Séminaire Parisien de statistique – October
To quote Valencia discussant favorite adjectives, the three talks were terrific and thought-provoking.
Eric Moulines presented Multiple Try Methods in MCMC algorithms. Instead of a unique proposal at each step, one proposes several values, among which only one is kept. The proposals can be chosen independant, but introducing dependence in the right way speeds up the rate of convergence to the stationary distribution. An interesting feature of this algorithm, espacially for Pierre, is that it allows parallel computation (in multiple propositions) whereas the standard Metropolis-Hastings algorithm is essentially sequential. See as well Pierre, Christian and Murray Smith’s block Independent Metropolis-Hastings algorithm for further details.

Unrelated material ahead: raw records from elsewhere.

lemma QR_bounded_coeffs_max_zero:
  assumes "QR_bounded_coeffs a Q R"
  shows "QR_bounded_coeffs a Q (max R 0)"
proof (cases "R \<ge> 0")
  case False
  then have "Q = 0"
    using QR_bounded_coeffs_nonneg[OF assms] by (simp add: zero_le_mult_iff)
  then show ?thesis using assms by (simp add: QR_bounded_coeffs_def)
qed (use assms in simp)

lemma QR_bounded_coeffs_weighted_sum_le:
  fixes a :: "('n::finite \<Rightarrow> nat) \<Rightarrow> real"
  assumes bounded: "QR_bounded_coeffs a Q R" and "0 \<le> R" "0 \<le> x" "x * R \<le> 1/2" "finite F"
  shows "(\<Sum>\<gamma>\<in>F. \<bar>a \<gamma>\<bar> * (if sum \<gamma> UNIV = 0 then 0 else x ^ sum \<gamma> UNIV)) \<le> 2 * x * R * Q"
proof -
  define G where "G \<gamma> = \<bar>a \<gamma>\<bar> * (if sum \<gamma> UNIV = 0 then 0 else x ^ sum \<gamma> UNIV)" for \<gamma> :: "'n \<Rightarrow> nat"
  define N where "N = Max ((\<lambda>\<gamma>. sum \<gamma> UNIV) ` F \<union> {0})"
  define U where "U = {\<gamma> :: 'n \<Rightarrow> nat. sum \<gamma> UNIV \<le> N}"
  have "finite U" unfolding U_def by (rule finite_degree_le)
  have "F \<subseteq> U" unfolding U_def N_def using \<open>finite F\<close> by (auto intro: Max_ge)
  have level: "sum G {\<gamma>\<in>U. sum \<gamma> UNIV = k} \<le> Q * (x * R) ^ k" if "1 \<le> k" "k \<le> N" for k
  proof -
    have "{\<gamma>\<in>U. sum \<gamma> UNIV = k} = {\<gamma>. sum \<gamma> UNIV = k}" using that by (auto simp: U_def)
    then have "sum G {\<gamma>\<in>U. sum \<gamma> UNIV = k} = x ^ k * (\<Sum>\<gamma>\<in>{\<gamma>. sum \<gamma> UNIV = k}. \<bar>a \<gamma>\<bar>)"
      using that by (simp add: G_def sum_distrib_left mult.commute)
    also have "\<dots> \<le> x ^ k * (Q * R ^ k)"
      using bounded \<open>0 \<le> x\<close> unfolding QR_bounded_coeffs_def by (intro mult_left_mono) auto
    finally show ?thesis by (simp add: power_mult_distrib mult_ac)
  qed
  have "sum G F \<le> sum G U"
    using \<open>F \<subseteq> U\<close> \<open>finite U\<close> \<open>0 \<le> x\<close> by (intro sum_mono2) (auto simp: G_def)
  also have "\<dots> = (\<Sum>k\<le>N. sum G {\<gamma>\<in>U. sum \<gamma> UNIV = k})"
    by (rule sum.group[symmetric]) (use \<open>finite U\<close> in \<open>auto simp: U_def\<close>)
  also have "\<dots> = (\<Sum>k=1..N. sum G {\<gamma>\<in>U. sum \<gamma> UNIV = k})"
  proof -
    have "sum G {\<gamma>\<in>U. sum \<gamma> UNIV = 0} = 0" by (rule sum.neutral) (simp add: G_def)
    moreover have "{..N} = insert 0 {1..N}" by auto
    ultimately show ?thesis by simp
  qed
  also have "\<dots> \<le> Q * (\<Sum>k=1..N. (x * R) ^ k)"
    unfolding sum_distrib_left using level by (intro sum_mono) auto
  also have "\<dots> \<le> Q * (2 * (x * R))"
    using QR_bounded_coeffs_nonneg(1)[OF bounded] assms
    by (intro mult_left_mono sum_power_le_twice) auto
  finally show ?thesis by (simp add: G_def mult_ac)
qed

lemma fdiff_monomial_abs_le:
  assumes "0 \<le> K" "0 \<le> \<alpha>" "B0 \<ge> 2" "h \<ge> 1" and coord: "\<And>j. fdiff_bounded h T \<alpha> B0 K (\<lambda>s. L s $ j)"
    and "1 \<le> t" "t + h \<le> T"
  shows "\<bar>fdiff h (\<lambda>s. monomial (L s) \<gamma>) t\<bar>
    \<le> (if sum \<gamma> UNIV = 0 then 0 else (3 * K) ^ sum \<gamma> UNIV) * (\<alpha> ^ h * pw0 h B0)"
proof (cases "sum \<gamma> UNIV = 0")
  case True
  then have "monomial z \<gamma> = 1" for z by (simp add: monomial_def)
  then show ?thesis using True \<open>h \<ge> 1\<close> by (simp add: fdiff_const)
next
  case False
  then show ?thesis
    using fdiff_bounded_monomial[OF \<open>0 \<le> K\<close> \<open>0 \<le> \<alpha>\<close> \<open>B0 \<ge> 2\<close> coord] assms
    unfolding fdiff_bounded_def by (auto simp: mult.assoc)
qed

lemma fdiff_power_series_comp_le:
  fixes \<phi> :: "real^'n \<Rightarrow> real" and a :: "('n \<Rightarrow> nat) \<Rightarrow> real" and L :: "nat \<Rightarrow> real^'n"
  assumes bounded: "QR_bounded_coeffs a Q R" and "0 \<le> R"
    and series: "power_series_on \<phi> a \<nu>"
    and Lnu: "\<And>s. 1 \<le> s \<Longrightarrow> s \<le> T \<Longrightarrow> infnorm (L s) \<le> \<nu>"
    and coord: "\<And>j. fdiff_bounded h T \<alpha> B0 K (\<lambda>s. L s $ j)"
    and "0 \<le> K" "6 * K * R \<le> 1" "0 \<le> \<alpha>" "B0 \<ge> 2" "h \<ge> 1" and t: "1 \<le> t" "t + h \<le> T"
  shows "\<bar>fdiff h (\<lambda>s. \<phi> (L s)) t\<bar> \<le> 6 * K * R * Q * \<alpha> ^ h * pw0 h B0"
proof -
  define f where "f = (\<lambda>\<gamma>. a \<gamma> * fdiff h (\<lambda>s. monomial (L s) \<gamma>) t)"
  define w where "w \<gamma> = \<bar>a \<gamma>\<bar> * (if sum \<gamma> UNIV = 0 then 0 else (3 * K) ^ sum \<gamma> UNIV)" for \<gamma> :: "'n \<Rightarrow> nat"
  have "((\<lambda>\<gamma>. fdiff h (\<lambda>s. a \<gamma> * monomial (L s) \<gamma>) t) has_sum fdiff h (\<lambda>s. \<phi> (L s)) t) UNIV"
    using series Lnu t unfolding power_series_on_def by (intro fdiff_has_sum) auto
  then have "(f has_sum fdiff h (\<lambda>s. \<phi> (L s)) t) UNIV"
    by (simp add: f_def fdiff_cmult)
  moreover have "(\<Sum>\<gamma>\<in>F. \<bar>f \<gamma>\<bar>) \<le> 2 * (3 * K) * R * Q * (\<alpha> ^ h * pw0 h B0)" if "finite F" for F
  proof -
    have "\<bar>f \<gamma>\<bar> \<le> w \<gamma> * (\<alpha> ^ h * pw0 h B0)" for \<gamma>
      using fdiff_monomial_abs_le[OF \<open>0 \<le> K\<close> \<open>0 \<le> \<alpha>\<close> \<open>B0 \<ge> 2\<close> \<open>h \<ge> 1\<close> coord t]
      unfolding f_def w_def abs_mult mult.assoc by (rule mult_left_mono) simp
    then have "(\<Sum>\<gamma>\<in>F. \<bar>f \<gamma>\<bar>) \<le> sum w F * (\<alpha> ^ h * pw0 h B0)"
      unfolding sum_distrib_right by (rule sum_mono)
    also have "\<dots> \<le> 2 * (3 * K) * R * Q * (\<alpha> ^ h * pw0 h B0)"
      unfolding w_def using assms that
      by (intro mult_right_mono QR_bounded_coeffs_weighted_sum_le) (auto simp: pw0_nonneg)
    finally show ?thesis .
  qed
  ultimately show ?thesis
    by (intro has_sum_abs_le_finite_sums) (auto simp: mult_ac)
qed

Jean-Marc Bardet introduced a way to detect ruptures in time series. He focuses on causal time series, ie they can be written only in terms of present and past innovations, for example . A rupture at time t means the parameters change at t.

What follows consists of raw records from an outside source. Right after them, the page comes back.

(* Consider a cooperative multi-agent Markov decision process with $N$ agents, finite individual state space $\mathcal S$, finite individual action space $\mathcal A$, joint state space $\mathcal S^N$, joint action space $\mathcal A^N$, transition kernel $\mathbb P$, shared reward $\mathrm r$ and discount factor $\gamma\in(0,1)$, and suppose that for every $(\mathbf s_t,\mathbf a_t)\in\mathcal S^N\times\mathcal A^N$, every $\mathbf s_{t+1}\in\mathcal S^N$ and every permutation $\kappa$ of the agent indices, $$\mathrm r(\mathbf s_t,\mathbf a_t)=\mathrm r(\kappa(\mathbf s_t),\kappa(\mathbf a_t)),\qquad \mathbb P(\mathbf s_{t+1}\mid \mathbf s_t,\mathbf a_t)=\mathbb P(\kappa(\mathbf s_{t+1})\mid \kappa(\mathbf s_t),\kappa(\mathbf a_t)).$$ Then (i) there exists an optimal policy $\nu^*$ that is permutation invariant, i.e. $\nu^*(\mathbf s,\mathbf a)=\nu^*(\kappa(\mathbf s),\kappa(\mathbf a))$ for every permutation $\kappa$; and (ii) for every permutation invariant policy $\nu$, the value function and state-action value function are permutation invariant: $V^\nu(\mathbf s)=V^\nu(\kappa(\mathbf s))$ and $Q^\nu(\mathbf s,\mathbf a)=Q^\nu(\kappa(\mathbf s),\kappa(\mathbf a))$ for all $\mathbf s,\mathbf a$ and all permutations $\kappa$.
   Context: A permutation $\kappa$ of $\{1,\dots,N\}$ acts on $\mathbf s=(s_1,\dots,s_N)$ and $\mathbf a=(a_1,\dots,a_N)$ by permuting coordinates (the same permutation applied to states and actions). A (joint) policy $\nu$ assigns to each joint state $\mathbf s$ a distribution $\nu(\cdot\mid\mathbf s)$ over $\mathcal A^N$; we write $\nu(\mathbf s,\mathbf a)=\nu(\mathbf a\mid \mathbf s)$. The value function is $V^\nu(\mathbf s)=(1-\gamma)\mathbb E\{\sum_{t\ge0}\gamma^t\mathrm r(\mathbf s_t,\mathbf a_t)\mid \mathbf s_0=\mathbf s,\ \mathbf a_t\sim\nu(\cdot\mid\mathbf s_t)\ \forall t\ge 0\}$, and $Q^\nu(\mathbf s,\mathbf a)=\mathbb E_{\mathbf s'\sim\mathbb P(\cdot\mid\mathbf s,\mathbf a)}\{\mathrm r(\mathbf s,\mathbf a)+\gamma V^\nu(\mathbf s')\}$. An optimal policy is one maximizing $V^\nu(\mathbf s)$ for all $\mathbf s$. *)

theory Defs
  imports "HOL-Analysis.Analysis"
begin

text \<open>Agents are indexed by a finite type 'n (N = CARD('n)); individual states 's and
actions 'a range over finite types. Joint states are 'n \<Rightarrow> 's, joint actions 'n \<Rightarrow> 'a.\<close>

text \<open>Action of a permutation kappa of the agent indices on a joint vector:
the entry of agent i is moved to position kappa i.\<close>
definition permute :: "('n \<Rightarrow> 'n) \<Rightarrow> ('n \<Rightarrow> 'b) \<Rightarrow> ('n \<Rightarrow> 'b)" where
  "permute \<kappa> x = (\<lambda>i. x (inv \<kappa> i))"

definition is_kernel ::
  "(('n::finite \<Rightarrow> 's::finite) \<Rightarrow> ('n \<Rightarrow> 'a::finite) \<Rightarrow> ('n \<Rightarrow> 's) \<Rightarrow> real) \<Rightarrow> bool" where
  "is_kernel P \<longleftrightarrow> (\<forall>s a s'. 0 \<le> P s a s') \<and> (\<forall>s a. (\<Sum>s'\<in>UNIV. P s a s') = 1)"

text \<open>A (stationary, randomized, joint) policy: nu s a = nu(a | s).\<close>
definition is_policy ::
  "(('n::finite \<Rightarrow> 's::finite) \<Rightarrow> ('n \<Rightarrow> 'a::finite) \<Rightarrow> real) \<Rightarrow> bool" where
  "is_policy \<nu> \<longleftrightarrow> (\<forall>s a. 0 \<le> \<nu> s a) \<and> (\<forall>s. (\<Sum>a\<in>UNIV. \<nu> s a) = 1)"

fun state_dist ::
  "(('n::finite \<Rightarrow> 's::finite) \<Rightarrow> ('n \<Rightarrow> 'a::finite) \<Rightarrow> ('n \<Rightarrow> 's) \<Rightarrow> real) \<Rightarrow>
   (('n \<Rightarrow> 's) \<Rightarrow> ('n \<Rightarrow> 'a) \<Rightarrow> real) \<Rightarrow> ('n \<Rightarrow> 's) \<Rightarrow> nat \<Rightarrow> ('n \<Rightarrow> 's) \<Rightarrow> real" where
  "state_dist P \<nu> s0 0 s = (if s = s0 then 1 else 0)"
| "state_dist P \<nu> s0 (Suc t) s' =
     (\<Sum>s\<in>UNIV. \<Sum>a\<in>UNIV. state_dist P \<nu> s0 t s * \<nu> s a * P s a s')"

definition expected_reward ::
  "(('n::finite \<Rightarrow> 's::finite) \<Rightarrow> ('n \<Rightarrow> 'a::finite) \<Rightarrow> ('n \<Rightarrow> 's) \<Rightarrow> real) \<Rightarrow>
   (('n \<Rightarrow> 's) \<Rightarrow> ('n \<Rightarrow> 'a) \<Rightarrow> real) \<Rightarrow>
   (('n \<Rightarrow> 's) \<Rightarrow> ('n \<Rightarrow> 'a) \<Rightarrow> real) \<Rightarrow> ('n \<Rightarrow> 's) \<Rightarrow> nat \<Rightarrow> real" where
  "expected_reward P r \<nu> s0 t =
     (\<Sum>s\<in>UNIV. \<Sum>a\<in>UNIV. state_dist P \<nu> s0 t s * \<nu> s a * r s a)"

text \<open>V^nu(s) = (1-gamma) E[ sum_t gamma^t r(s_t,a_t) ] (expectation exchanged with the
absolutely convergent sum, rewards being bounded on the finite space).\<close>
definition value_fun ::
  "(('n::finite \<Rightarrow> 's::finite) \<Rightarrow> ('n \<Rightarrow> 'a::finite) \<Rightarrow> ('n \<Rightarrow> 's) \<Rightarrow> real) \<Rightarrow>
   (('n \<Rightarrow> 's) \<Rightarrow> ('n \<Rightarrow> 'a) \<Rightarrow> real) \<Rightarrow> real \<Rightarrow>
   (('n \<Rightarrow> 's) \<Rightarrow> ('n \<Rightarrow> 'a) \<Rightarrow> real) \<Rightarrow> ('n \<Rightarrow> 's) \<Rightarrow> real" where
  "value_fun P r \<gamma> \<nu> s = (1 - \<gamma>) * (\<Sum>t. \<gamma> ^ t * expected_reward P r \<nu> s t)"

definition q_fun ::
  "(('n::finite \<Rightarrow> 's::finite) \<Rightarrow> ('n \<Rightarrow> 'a::finite) \<Rightarrow> ('n \<Rightarrow> 's) \<Rightarrow> real) \<Rightarrow>
   (('n \<Rightarrow> 's) \<Rightarrow> ('n \<Rightarrow> 'a) \<Rightarrow> real) \<Rightarrow> real \<Rightarrow>
   (('n \<Rightarrow> 's) \<Rightarrow> ('n \<Rightarrow> 'a) \<Rightarrow> real) \<Rightarrow> ('n \<Rightarrow> 's) \<Rightarrow> ('n \<Rightarrow> 'a) \<Rightarrow> real" where
  "q_fun P r \<gamma> \<nu> s a = (\<Sum>s'\<in>UNIV. P s a s' * (r s a + \<gamma> * value_fun P r \<gamma> \<nu> s'))"

definition optimal_policy ::
  "(('n::finite \<Rightarrow> 's::finite) \<Rightarrow> ('n \<Rightarrow> 'a::finite) \<Rightarrow> ('n \<Rightarrow> 's) \<Rightarrow> real) \<Rightarrow>
   (('n \<Rightarrow> 's) \<Rightarrow> ('n \<Rightarrow> 'a) \<Rightarrow> real) \<Rightarrow> real \<Rightarrow>
   (('n \<Rightarrow> 's) \<Rightarrow> ('n \<Rightarrow> 'a) \<Rightarrow> real) \<Rightarrow> bool" where
  "optimal_policy P r \<gamma> \<nu> \<longleftrightarrow> is_policy \<nu> \<and>
     (\<forall>\<mu>. is_policy \<mu> \<longrightarrow> (\<forall>s. value_fun P r \<gamma> \<mu> s \<le> value_fun P r \<gamma> \<nu> s))"

definition perm_invariant_policy ::
  "(('n::finite \<Rightarrow> 's::finite) \<Rightarrow> ('n \<Rightarrow> 'a::finite) \<Rightarrow> real) \<Rightarrow> bool" where
  "perm_invariant_policy \<nu> \<longleftrightarrow>
     (\<forall>\<kappa> s a. bij \<kappa> \<longrightarrow> \<nu> s a = \<nu> (permute \<kappa> s) (permute \<kappa> a))"

end

theory Submission
  imports Defs
begin

text \<open>
  The value of a policy is the unique fixed point of its Bellman operator, and the optimal value
  is the unique solution of the Bellman optimality equation. Both uniqueness statements follow from
  a discrete maximum principle: a function on a finite set that is bounded above by a
  \<open>\<gamma>\<close>-discounted average of itself is nonpositive. An automorphism of the MDP (bijections of
  joint states and joint actions preserving \<open>r\<close> and \<open>P\<close>) maps solutions of these equations to
  solutions, so by uniqueness the optimal value and the value of every invariant policy are
  invariant. The uniform distribution over the greedy actions of the optimal value is an optimal
  policy, and it is invariant because an automorphism permutes the greedy actions. Permutations of
  the agents act on the MDP by such automorphisms.
\<close>

lemma ex_arg_max_finite:
  fixes f :: "'x::finite \<Rightarrow> 'b::linorder"
  shows "\<exists>x. \<forall>y. f y \<le> f x"
proof -
  have "Max (range f) \<in> range f"
    by (rule Max_in) auto
  then obtain x where x: "Max (range f) = f x"
    by (rule rangeE)
  have "f y \<le> f x" for y
    unfolding x[symmetric] by simp
  then show ?thesis
    by blast
qed

lemma is_policy_nonneg: "is_policy \<nu> \<Longrightarrow> 0 \<le> \<nu> s a"
  unfolding is_policy_def by auto

lemma is_policy_sum: "is_policy \<nu> \<Longrightarrow> (\<Sum>a\<in>UNIV. \<nu> s a) = 1"
  unfolding is_policy_def by auto

lemma discounted_maximum_principle:
  fixes D :: "'x::finite \<Rightarrow> real"
  assumes "0 \<le> \<gamma>" and "\<gamma> < 1"
    and average: "\<And>x. \<exists>w. (\<forall>y. 0 \<le> w y) \<and> (\<Sum>y\<in>UNIV. w y) = 1
                          \<and> D x \<le> \<gamma> * (\<Sum>y\<in>UNIV. w y * D y)"
  shows "D x \<le> 0"
proof -
  obtain x\<^sub>0 where max: "\<And>y. D y \<le> D x\<^sub>0"
    using ex_arg_max_finite[of D] by blast
  obtain w where w: "\<forall>y. 0 \<le> w y" "(\<Sum>y\<in>UNIV. w y) = 1"
    and dominated: "D x\<^sub>0 \<le> \<gamma> * (\<Sum>y\<in>UNIV. w y * D y)"
    using average by blast
  have "(\<Sum>y\<in>UNIV. w y * D y) \<le> (\<Sum>y\<in>UNIV. w y * D x\<^sub>0)"
    using w(1) max by (intro sum_mono mult_left_mono) auto
  also have "\<dots> = D x\<^sub>0"
    using w(2) by (simp add: sum_distrib_right[symmetric])
  finally have "D x\<^sub>0 \<le> \<gamma> * D x\<^sub>0"
    using dominated \<open>0 \<le> \<gamma>\<close> by (meson mult_left_mono order_trans)
  then have "(1 - \<gamma>) * D x\<^sub>0 \<le> 0"
    by (simp add: algebra_simps)
  then have "D x\<^sub>0 \<le> 0"
    using \<open>\<gamma> < 1\<close> by (simp add: mult_le_0_iff)
  then show ?thesis
    using max[of x] by simp
qed

definition deterministic_policy ::
  "(('n::finite \<Rightarrow> 's::finite) \<Rightarrow> ('n \<Rightarrow> 'a::finite)) \<Rightarrow> ('n \<Rightarrow> 's) \<Rightarrow> ('n \<Rightarrow> 'a) \<Rightarrow> real"
  where "deterministic_policy \<pi> s a = (if a = \<pi> s then 1 else 0)"

lemma is_policy_deterministic_policy: "is_policy (deterministic_policy \<pi>)"
  unfolding is_policy_def deterministic_policy_def by auto

lemma sum_state_dist_0:
  "(\<Sum>x\<in>UNIV. state_dist P \<nu> s 0 x * F x) = (F s :: real)"
  by (simp add: if_distrib[of "\<lambda>c. c * _"] cong: if_cong)

locale finite_mdp =
  fixes P :: "('n::finite \<Rightarrow> 's::finite) \<Rightarrow> ('n \<Rightarrow> 'a::finite) \<Rightarrow> ('n \<Rightarrow> 's) \<Rightarrow> real"
    and r :: "('n \<Rightarrow> 's) \<Rightarrow> ('n \<Rightarrow> 'a) \<Rightarrow> real"
    and \<gamma> :: real
  assumes discount_nonneg: "0 \<le> \<gamma>" and discount_less_one: "\<gamma> < 1"
    and kernel: "is_kernel P"
begin

lemma kernel_nonneg: "0 \<le> P s a s'"
  using kernel unfolding is_kernel_def by auto

lemma kernel_sum: "(\<Sum>s'\<in>UNIV. P s a s') = 1"
  using kernel unfolding is_kernel_def by auto

definition transition :: "(('n \<Rightarrow> 's) \<Rightarrow> ('n \<Rightarrow> 'a) \<Rightarrow> real) \<Rightarrow> ('n \<Rightarrow> 's) \<Rightarrow> ('n \<Rightarrow> 's) \<Rightarrow> real"
  where "transition \<nu> s s' = (\<Sum>a\<in>UNIV. \<nu> s a * P s a s')"

lemma transition_nonneg: "is_policy \<nu> \<Longrightarrow> 0 \<le> transition \<nu> s s'"
  unfolding transition_def by (auto intro!: sum_nonneg simp: is_policy_nonneg kernel_nonneg)

lemma transition_sum: "is_policy \<nu> \<Longrightarrow> (\<Sum>s'\<in>UNIV. transition \<nu> s s') = 1"
  unfolding transition_def
  by (subst sum.swap) (simp add: sum_distrib_left[symmetric] kernel_sum is_policy_sum)

lemma state_dist_Suc_last_step:
  "state_dist P \<nu> s\<^sub>0 (Suc t) s = (\<Sum>x\<in>UNIV. state_dist P \<nu> s\<^sub>0 t x * transition \<nu> x s)"
  by (simp only: state_dist.simps(2) transition_def mult.assoc sum_distrib_left)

The must-see talk for me was Eric Barat presentation on BNP modeling for sapce-time emission tomography. For new comer, BNP means more than a bank: Bayesian nonparametric. It is nice to see a very efficient application of BNP methods to a medical field. Eric kindly gives his slides (cf below) which I recommend, espacially the section on random probability measures: he reviews properties of the Dirichlet process, various representations (Chinese restaurant, Stick-breaking), and extends to the Pitman-Yor process and Pitman-Yor mixture. Then he gives posterior simulations by Gibbs sampling. I am interested in dependent over time models, and I am thankful for Eric for his pointer to a recent article of Chung and Dunson on local Dirichlet process, a nifty and simple construction of a Dependent Dirichlet process.
In a few days, I will try to make clear what the Dirichlet process is!